Task to carry out: Write out, from the entries below, exactly the lines that run between the lines holding "ultimately show ?thesis unfolding" and "(simp add: field_simps)", inclusive, and stop there.

=== Section Start ===

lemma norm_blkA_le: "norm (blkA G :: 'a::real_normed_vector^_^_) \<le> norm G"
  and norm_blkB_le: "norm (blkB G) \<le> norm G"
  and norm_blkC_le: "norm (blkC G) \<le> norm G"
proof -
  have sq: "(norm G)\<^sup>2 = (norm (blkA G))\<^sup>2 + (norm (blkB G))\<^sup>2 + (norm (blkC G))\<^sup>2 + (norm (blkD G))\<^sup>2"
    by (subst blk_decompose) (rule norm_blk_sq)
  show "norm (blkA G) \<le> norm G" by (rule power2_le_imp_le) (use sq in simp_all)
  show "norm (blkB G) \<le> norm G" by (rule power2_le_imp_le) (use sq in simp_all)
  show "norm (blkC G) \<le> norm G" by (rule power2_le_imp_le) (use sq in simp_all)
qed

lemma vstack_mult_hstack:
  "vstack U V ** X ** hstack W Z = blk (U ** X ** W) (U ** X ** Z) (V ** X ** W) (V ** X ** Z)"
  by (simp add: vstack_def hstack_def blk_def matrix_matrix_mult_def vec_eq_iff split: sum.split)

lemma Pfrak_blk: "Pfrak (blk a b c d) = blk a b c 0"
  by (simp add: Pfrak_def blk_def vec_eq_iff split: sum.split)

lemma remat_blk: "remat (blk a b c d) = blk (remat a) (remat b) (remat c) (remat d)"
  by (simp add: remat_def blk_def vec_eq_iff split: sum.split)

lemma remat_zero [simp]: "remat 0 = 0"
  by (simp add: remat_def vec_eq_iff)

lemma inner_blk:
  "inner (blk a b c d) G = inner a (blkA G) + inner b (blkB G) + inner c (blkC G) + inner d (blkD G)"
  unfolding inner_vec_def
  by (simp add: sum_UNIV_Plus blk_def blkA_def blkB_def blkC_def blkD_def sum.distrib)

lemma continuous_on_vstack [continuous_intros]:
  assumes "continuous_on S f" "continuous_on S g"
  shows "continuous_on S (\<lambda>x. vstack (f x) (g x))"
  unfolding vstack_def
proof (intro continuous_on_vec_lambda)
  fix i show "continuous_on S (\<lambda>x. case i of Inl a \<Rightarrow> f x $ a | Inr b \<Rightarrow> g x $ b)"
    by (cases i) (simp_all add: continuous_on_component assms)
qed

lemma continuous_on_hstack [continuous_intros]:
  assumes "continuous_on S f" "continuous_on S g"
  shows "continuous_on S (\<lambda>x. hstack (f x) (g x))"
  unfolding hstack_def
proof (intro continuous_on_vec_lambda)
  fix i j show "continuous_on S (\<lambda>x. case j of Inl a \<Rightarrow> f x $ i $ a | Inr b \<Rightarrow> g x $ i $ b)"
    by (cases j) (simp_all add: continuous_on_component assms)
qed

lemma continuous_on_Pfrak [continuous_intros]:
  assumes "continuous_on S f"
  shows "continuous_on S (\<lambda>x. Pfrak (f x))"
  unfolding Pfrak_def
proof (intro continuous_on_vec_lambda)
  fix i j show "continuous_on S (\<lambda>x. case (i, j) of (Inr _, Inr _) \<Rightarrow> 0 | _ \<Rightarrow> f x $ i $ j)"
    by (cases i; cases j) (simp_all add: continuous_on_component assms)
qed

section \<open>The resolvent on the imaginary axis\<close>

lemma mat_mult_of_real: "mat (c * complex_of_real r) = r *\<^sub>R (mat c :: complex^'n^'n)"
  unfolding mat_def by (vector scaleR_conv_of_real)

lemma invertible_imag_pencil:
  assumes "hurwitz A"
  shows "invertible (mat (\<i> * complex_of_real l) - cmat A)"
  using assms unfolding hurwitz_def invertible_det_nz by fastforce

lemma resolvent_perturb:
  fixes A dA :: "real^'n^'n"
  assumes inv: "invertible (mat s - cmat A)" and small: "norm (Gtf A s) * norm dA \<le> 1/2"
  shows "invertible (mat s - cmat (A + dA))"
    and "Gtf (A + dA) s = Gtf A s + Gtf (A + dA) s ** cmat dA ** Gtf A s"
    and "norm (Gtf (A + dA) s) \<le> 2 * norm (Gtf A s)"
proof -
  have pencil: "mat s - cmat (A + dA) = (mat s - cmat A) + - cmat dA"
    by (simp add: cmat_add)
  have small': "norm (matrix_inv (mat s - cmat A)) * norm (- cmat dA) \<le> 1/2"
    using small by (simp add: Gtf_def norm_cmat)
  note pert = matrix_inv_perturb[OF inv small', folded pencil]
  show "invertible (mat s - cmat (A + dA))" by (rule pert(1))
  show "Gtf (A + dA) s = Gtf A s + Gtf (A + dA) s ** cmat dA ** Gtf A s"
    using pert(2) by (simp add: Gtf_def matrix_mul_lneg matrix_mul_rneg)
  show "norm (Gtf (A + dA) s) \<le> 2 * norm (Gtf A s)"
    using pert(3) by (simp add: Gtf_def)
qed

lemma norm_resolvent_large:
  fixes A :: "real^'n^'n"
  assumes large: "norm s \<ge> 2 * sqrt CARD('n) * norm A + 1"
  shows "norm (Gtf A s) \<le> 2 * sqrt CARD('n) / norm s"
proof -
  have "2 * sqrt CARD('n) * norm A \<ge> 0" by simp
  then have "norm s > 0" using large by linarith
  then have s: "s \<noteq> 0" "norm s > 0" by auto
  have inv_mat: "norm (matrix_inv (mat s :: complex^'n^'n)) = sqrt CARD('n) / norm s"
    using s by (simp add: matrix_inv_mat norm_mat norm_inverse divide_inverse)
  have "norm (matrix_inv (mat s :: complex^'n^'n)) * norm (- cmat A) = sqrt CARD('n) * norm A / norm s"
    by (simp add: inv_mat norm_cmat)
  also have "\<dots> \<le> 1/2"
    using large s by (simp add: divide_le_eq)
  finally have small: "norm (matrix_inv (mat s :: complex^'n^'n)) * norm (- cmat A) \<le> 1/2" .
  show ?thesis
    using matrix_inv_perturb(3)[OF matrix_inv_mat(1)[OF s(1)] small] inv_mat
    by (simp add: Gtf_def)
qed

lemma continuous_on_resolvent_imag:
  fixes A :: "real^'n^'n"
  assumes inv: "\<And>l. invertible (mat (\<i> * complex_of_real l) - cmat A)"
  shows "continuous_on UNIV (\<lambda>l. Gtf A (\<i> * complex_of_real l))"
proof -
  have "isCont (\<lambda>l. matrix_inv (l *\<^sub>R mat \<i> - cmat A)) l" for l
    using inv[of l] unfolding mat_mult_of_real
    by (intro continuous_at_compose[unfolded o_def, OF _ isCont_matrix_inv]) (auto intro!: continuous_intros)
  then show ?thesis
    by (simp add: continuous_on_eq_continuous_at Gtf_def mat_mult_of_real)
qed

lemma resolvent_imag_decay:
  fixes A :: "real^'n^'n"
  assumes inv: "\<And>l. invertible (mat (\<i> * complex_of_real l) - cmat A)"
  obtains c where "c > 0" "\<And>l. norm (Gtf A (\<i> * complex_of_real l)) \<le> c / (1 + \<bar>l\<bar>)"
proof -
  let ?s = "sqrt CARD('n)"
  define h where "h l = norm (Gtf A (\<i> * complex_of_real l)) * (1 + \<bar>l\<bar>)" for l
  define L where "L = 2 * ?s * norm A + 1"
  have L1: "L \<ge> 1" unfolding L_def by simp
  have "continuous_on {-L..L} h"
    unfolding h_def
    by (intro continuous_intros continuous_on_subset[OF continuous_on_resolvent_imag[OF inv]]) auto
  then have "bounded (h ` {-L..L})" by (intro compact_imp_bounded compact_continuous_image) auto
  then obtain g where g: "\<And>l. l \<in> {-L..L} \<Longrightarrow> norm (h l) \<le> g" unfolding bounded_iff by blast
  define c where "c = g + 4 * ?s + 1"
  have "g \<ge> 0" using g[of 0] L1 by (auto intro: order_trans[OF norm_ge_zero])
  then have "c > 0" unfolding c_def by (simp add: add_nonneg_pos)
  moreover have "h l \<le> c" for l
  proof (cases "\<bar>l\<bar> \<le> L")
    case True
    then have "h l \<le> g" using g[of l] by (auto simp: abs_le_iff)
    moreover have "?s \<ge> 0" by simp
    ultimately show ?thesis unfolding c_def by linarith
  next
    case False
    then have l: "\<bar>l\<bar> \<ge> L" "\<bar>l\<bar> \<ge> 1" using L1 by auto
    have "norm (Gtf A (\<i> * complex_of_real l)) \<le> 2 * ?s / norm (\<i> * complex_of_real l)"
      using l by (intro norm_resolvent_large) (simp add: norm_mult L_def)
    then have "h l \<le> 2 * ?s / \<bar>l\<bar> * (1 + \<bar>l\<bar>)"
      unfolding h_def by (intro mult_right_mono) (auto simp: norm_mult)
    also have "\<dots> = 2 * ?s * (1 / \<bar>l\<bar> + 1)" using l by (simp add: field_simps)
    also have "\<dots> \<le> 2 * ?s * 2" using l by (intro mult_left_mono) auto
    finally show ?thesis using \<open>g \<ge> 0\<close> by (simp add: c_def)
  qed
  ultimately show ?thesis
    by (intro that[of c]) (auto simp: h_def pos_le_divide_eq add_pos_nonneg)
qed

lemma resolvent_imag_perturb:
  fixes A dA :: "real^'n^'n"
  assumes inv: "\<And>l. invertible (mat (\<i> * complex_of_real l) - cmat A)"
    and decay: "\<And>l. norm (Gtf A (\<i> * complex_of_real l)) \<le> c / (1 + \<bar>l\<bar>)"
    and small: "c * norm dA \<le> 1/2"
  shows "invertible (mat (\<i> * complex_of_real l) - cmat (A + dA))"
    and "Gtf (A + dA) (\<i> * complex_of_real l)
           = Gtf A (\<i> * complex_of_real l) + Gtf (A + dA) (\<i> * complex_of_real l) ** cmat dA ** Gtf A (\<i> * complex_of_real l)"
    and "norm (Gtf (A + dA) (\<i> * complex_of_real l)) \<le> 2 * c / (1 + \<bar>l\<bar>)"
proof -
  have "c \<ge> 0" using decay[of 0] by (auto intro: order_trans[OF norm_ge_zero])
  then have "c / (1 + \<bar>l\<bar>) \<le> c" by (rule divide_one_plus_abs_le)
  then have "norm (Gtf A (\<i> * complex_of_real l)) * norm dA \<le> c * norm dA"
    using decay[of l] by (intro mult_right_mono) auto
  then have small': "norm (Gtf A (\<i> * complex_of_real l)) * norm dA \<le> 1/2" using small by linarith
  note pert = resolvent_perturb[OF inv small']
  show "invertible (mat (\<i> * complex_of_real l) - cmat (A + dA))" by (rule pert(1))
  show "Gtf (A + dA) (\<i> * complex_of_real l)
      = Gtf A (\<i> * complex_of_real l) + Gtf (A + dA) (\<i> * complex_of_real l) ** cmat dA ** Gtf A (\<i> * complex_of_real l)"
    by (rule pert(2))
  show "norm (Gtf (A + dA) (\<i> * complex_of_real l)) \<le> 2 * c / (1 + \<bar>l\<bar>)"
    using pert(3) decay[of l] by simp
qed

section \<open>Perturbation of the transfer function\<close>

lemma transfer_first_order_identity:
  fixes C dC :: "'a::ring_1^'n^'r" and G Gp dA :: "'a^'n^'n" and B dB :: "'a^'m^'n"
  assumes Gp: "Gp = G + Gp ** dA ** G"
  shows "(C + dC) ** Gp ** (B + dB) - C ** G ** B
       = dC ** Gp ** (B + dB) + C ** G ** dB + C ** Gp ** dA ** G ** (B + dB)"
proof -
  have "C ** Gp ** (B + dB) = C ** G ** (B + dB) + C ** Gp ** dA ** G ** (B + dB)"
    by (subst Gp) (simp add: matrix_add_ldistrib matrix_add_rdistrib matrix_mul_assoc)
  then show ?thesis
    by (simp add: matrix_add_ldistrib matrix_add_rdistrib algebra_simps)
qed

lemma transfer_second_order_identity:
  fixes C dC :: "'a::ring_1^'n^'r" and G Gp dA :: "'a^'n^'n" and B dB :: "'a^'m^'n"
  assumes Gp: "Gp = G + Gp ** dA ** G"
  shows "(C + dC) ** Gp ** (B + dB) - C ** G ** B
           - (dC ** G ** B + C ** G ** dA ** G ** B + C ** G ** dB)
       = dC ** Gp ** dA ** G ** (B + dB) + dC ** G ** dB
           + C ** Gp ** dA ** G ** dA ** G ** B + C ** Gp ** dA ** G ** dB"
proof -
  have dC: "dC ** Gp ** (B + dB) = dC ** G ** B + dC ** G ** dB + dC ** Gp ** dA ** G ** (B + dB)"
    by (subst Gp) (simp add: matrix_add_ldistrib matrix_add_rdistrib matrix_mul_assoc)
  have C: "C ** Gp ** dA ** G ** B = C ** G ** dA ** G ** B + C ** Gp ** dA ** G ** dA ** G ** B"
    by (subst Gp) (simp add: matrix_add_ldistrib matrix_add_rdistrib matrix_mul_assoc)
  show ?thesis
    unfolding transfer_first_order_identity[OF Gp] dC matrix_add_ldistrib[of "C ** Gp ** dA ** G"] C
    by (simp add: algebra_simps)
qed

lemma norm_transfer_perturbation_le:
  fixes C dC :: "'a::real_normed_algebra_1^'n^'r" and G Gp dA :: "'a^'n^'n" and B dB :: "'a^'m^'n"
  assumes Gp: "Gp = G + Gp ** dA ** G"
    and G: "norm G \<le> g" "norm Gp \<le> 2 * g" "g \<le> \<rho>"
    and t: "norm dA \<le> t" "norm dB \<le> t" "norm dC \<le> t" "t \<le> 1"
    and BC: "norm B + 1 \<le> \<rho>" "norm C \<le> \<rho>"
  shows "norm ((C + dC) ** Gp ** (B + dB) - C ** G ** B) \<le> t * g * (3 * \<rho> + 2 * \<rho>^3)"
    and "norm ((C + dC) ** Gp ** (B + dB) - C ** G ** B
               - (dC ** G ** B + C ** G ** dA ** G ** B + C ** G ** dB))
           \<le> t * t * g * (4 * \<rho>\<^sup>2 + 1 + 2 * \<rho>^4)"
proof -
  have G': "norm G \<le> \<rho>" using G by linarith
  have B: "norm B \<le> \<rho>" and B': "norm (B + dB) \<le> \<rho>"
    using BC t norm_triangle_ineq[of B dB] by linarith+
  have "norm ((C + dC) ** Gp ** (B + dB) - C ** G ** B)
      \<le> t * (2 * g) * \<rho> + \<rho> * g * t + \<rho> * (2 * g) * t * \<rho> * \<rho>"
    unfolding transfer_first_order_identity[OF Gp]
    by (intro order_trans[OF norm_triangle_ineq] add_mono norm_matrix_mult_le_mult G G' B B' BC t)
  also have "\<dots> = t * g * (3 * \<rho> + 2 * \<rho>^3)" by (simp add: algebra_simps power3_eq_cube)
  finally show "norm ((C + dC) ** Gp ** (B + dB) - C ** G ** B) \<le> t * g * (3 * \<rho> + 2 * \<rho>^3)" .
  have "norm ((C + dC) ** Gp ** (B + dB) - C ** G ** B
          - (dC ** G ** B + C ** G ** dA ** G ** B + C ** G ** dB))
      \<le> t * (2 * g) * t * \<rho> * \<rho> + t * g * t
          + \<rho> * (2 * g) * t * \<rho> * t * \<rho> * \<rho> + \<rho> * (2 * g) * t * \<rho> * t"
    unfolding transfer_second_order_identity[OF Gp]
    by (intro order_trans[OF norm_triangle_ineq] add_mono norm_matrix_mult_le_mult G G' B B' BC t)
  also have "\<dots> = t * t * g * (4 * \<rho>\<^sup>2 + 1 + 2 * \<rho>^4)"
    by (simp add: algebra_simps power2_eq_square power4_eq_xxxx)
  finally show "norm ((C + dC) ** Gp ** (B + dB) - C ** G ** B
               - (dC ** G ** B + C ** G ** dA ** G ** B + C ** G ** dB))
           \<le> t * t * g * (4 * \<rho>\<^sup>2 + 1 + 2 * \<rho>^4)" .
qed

=== Section End ===

Output for this exercise:
    ultimately show ?thesis unfolding c_def by linarith
  next
    case False
    then have l: "\<bar>l\<bar> \<ge> L" "\<bar>l\<bar> \<ge> 1" using L1 by auto
    have "norm (Gtf A (\<i> * complex_of_real l)) \<le> 2 * ?s / norm (\<i> * complex_of_real l)"
      using l by (intro norm_resolvent_large) (simp add: norm_mult L_def)
    then have "h l \<le> 2 * ?s / \<bar>l\<bar> * (1 + \<bar>l\<bar>)"
      unfolding h_def by (intro mult_right_mono) (auto simp: norm_mult)
    also have "\<dots> = 2 * ?s * (1 / \<bar>l\<bar> + 1)" using l by (simp add: field_simps)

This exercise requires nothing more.